*** Records to use ***

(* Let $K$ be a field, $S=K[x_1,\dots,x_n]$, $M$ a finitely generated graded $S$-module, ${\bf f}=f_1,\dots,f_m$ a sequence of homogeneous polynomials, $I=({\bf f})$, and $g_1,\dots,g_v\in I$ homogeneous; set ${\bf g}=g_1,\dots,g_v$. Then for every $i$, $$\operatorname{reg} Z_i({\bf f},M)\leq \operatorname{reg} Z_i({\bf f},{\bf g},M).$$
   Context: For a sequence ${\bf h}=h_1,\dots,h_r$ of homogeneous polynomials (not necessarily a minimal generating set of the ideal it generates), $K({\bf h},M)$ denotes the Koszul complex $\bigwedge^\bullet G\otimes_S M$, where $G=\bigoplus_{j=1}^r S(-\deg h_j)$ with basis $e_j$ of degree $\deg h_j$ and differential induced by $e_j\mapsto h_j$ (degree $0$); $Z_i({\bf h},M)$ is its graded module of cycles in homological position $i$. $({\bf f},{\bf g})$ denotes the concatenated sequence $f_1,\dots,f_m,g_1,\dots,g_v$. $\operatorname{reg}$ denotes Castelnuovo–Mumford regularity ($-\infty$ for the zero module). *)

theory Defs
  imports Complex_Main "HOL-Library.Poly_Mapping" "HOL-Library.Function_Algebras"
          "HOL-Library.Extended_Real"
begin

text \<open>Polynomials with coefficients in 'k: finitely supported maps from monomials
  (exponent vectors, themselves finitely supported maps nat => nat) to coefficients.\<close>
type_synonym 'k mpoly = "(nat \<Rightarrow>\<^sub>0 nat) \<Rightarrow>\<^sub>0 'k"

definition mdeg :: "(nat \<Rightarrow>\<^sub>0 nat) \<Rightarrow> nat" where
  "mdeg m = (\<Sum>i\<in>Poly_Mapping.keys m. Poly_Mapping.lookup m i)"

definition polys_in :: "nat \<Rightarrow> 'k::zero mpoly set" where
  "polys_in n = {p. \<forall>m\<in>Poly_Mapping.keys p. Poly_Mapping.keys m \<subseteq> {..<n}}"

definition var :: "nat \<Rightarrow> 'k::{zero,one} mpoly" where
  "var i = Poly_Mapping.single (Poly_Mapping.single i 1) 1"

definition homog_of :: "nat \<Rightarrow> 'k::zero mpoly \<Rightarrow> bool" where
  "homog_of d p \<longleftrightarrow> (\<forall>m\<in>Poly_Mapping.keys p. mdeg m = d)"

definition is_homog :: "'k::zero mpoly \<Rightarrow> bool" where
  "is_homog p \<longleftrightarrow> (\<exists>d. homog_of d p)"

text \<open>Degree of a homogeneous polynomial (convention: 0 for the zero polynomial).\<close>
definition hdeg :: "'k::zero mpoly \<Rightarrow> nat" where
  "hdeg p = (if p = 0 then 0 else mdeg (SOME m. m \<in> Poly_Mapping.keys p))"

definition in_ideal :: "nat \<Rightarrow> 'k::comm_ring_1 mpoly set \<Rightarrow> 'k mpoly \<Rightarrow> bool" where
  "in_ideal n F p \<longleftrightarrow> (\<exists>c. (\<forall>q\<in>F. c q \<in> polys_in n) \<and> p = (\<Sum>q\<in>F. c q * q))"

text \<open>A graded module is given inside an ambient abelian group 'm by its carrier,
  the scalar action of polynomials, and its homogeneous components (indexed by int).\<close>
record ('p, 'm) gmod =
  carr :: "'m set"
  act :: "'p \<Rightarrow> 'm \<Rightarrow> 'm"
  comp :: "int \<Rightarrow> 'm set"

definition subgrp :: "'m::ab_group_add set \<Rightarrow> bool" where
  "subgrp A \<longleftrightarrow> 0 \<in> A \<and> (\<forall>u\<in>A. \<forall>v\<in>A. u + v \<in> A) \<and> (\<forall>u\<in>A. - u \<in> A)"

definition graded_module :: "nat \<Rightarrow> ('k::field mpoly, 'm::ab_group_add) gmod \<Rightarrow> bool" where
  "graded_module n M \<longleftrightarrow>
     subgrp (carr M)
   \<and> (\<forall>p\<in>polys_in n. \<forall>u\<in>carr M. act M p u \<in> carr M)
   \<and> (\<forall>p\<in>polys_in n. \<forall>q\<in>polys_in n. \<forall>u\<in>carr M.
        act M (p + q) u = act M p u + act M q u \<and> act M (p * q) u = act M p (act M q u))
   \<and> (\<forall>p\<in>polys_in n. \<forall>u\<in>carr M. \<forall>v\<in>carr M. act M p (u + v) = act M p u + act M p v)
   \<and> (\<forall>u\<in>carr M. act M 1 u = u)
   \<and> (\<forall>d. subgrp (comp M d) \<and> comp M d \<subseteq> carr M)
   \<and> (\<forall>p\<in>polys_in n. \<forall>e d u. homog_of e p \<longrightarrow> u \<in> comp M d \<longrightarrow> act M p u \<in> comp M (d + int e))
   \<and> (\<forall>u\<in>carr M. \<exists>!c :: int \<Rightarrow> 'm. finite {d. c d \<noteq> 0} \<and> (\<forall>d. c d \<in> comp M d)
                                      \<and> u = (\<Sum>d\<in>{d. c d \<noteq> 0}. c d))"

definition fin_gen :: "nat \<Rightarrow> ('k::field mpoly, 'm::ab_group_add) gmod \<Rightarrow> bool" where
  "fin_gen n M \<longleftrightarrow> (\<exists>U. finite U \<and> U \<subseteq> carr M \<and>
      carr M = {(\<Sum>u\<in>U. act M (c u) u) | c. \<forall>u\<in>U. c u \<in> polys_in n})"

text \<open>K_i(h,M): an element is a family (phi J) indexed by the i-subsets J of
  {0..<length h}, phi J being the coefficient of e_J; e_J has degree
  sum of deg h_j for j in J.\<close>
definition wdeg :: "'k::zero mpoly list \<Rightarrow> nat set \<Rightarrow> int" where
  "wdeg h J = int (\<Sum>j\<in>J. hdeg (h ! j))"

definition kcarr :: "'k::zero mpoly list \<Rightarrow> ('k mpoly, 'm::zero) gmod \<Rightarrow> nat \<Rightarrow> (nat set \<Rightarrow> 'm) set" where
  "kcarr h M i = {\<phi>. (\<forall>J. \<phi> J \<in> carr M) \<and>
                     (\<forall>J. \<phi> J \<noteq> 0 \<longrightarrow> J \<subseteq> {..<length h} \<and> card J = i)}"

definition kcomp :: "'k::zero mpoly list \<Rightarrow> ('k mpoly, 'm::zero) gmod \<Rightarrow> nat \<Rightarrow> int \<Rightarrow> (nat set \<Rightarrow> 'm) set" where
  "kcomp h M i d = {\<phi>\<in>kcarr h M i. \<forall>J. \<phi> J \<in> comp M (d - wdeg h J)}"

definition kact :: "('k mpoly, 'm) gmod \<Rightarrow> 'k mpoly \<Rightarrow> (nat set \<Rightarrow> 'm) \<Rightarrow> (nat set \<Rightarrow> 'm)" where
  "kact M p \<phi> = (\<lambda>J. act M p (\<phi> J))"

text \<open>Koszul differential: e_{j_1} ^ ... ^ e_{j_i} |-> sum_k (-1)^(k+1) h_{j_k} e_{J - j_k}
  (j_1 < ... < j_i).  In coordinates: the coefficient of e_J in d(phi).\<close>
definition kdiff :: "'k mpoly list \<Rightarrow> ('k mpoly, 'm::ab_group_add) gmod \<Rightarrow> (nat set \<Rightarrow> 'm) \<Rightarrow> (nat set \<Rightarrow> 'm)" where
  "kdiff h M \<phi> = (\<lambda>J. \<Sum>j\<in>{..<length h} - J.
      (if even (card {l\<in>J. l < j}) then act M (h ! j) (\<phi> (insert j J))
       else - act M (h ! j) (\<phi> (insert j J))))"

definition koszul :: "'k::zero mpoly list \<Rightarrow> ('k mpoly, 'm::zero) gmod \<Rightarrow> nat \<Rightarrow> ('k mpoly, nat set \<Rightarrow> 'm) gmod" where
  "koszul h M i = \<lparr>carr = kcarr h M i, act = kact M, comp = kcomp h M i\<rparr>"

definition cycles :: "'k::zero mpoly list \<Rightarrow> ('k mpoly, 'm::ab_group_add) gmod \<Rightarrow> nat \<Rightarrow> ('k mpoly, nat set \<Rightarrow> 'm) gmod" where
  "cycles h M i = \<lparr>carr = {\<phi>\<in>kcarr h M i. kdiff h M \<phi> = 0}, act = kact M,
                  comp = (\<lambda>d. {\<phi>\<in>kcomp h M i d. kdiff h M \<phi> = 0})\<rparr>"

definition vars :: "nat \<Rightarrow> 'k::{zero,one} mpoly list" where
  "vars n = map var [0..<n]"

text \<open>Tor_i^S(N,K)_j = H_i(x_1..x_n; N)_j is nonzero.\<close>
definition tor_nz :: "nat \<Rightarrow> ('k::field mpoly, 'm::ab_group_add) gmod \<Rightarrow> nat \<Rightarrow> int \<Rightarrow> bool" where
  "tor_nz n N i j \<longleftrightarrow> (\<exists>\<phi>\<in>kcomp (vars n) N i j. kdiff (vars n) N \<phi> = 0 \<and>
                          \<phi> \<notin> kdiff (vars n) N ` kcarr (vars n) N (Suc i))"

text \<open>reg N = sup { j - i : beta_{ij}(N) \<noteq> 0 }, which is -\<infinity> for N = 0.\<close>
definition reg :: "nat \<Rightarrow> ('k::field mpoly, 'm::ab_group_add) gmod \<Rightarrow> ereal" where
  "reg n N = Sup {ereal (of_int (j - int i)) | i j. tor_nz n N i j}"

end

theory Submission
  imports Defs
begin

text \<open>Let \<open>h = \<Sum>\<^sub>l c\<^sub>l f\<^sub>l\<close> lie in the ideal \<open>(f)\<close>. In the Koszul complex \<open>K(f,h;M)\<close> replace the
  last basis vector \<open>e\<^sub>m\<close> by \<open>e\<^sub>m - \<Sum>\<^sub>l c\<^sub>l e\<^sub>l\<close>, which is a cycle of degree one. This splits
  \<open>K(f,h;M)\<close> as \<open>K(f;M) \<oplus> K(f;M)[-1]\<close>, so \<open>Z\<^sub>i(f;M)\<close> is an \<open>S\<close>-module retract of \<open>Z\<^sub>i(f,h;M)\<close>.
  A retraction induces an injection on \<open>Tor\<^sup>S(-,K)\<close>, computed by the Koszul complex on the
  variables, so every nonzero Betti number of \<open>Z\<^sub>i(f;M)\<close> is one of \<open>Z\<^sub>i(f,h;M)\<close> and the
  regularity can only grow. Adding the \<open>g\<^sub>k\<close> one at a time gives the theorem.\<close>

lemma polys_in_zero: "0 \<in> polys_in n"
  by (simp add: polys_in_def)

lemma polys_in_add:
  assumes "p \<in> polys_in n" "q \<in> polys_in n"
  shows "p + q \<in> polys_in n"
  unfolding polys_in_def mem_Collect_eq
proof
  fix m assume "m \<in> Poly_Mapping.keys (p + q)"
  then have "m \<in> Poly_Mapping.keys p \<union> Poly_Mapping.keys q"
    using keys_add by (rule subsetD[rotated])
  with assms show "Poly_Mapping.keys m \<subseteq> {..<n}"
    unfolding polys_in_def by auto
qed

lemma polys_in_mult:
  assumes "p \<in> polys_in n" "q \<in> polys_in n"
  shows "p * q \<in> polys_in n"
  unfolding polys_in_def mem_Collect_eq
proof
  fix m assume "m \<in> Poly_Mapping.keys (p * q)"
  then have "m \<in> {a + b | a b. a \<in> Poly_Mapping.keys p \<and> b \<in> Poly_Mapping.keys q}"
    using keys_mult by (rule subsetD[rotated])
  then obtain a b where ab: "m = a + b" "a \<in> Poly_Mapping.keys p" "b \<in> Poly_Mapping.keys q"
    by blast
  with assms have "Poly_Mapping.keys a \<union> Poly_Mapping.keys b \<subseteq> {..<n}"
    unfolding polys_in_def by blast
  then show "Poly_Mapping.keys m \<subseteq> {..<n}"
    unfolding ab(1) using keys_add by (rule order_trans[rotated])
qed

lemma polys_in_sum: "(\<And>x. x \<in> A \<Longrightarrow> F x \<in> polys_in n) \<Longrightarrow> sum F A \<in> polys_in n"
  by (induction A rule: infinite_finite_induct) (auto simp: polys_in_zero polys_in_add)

*** End of Records to use ***

> The task: Scan the records above and count the lines that contain "subsetD". No text besides the count.

> Task result: 2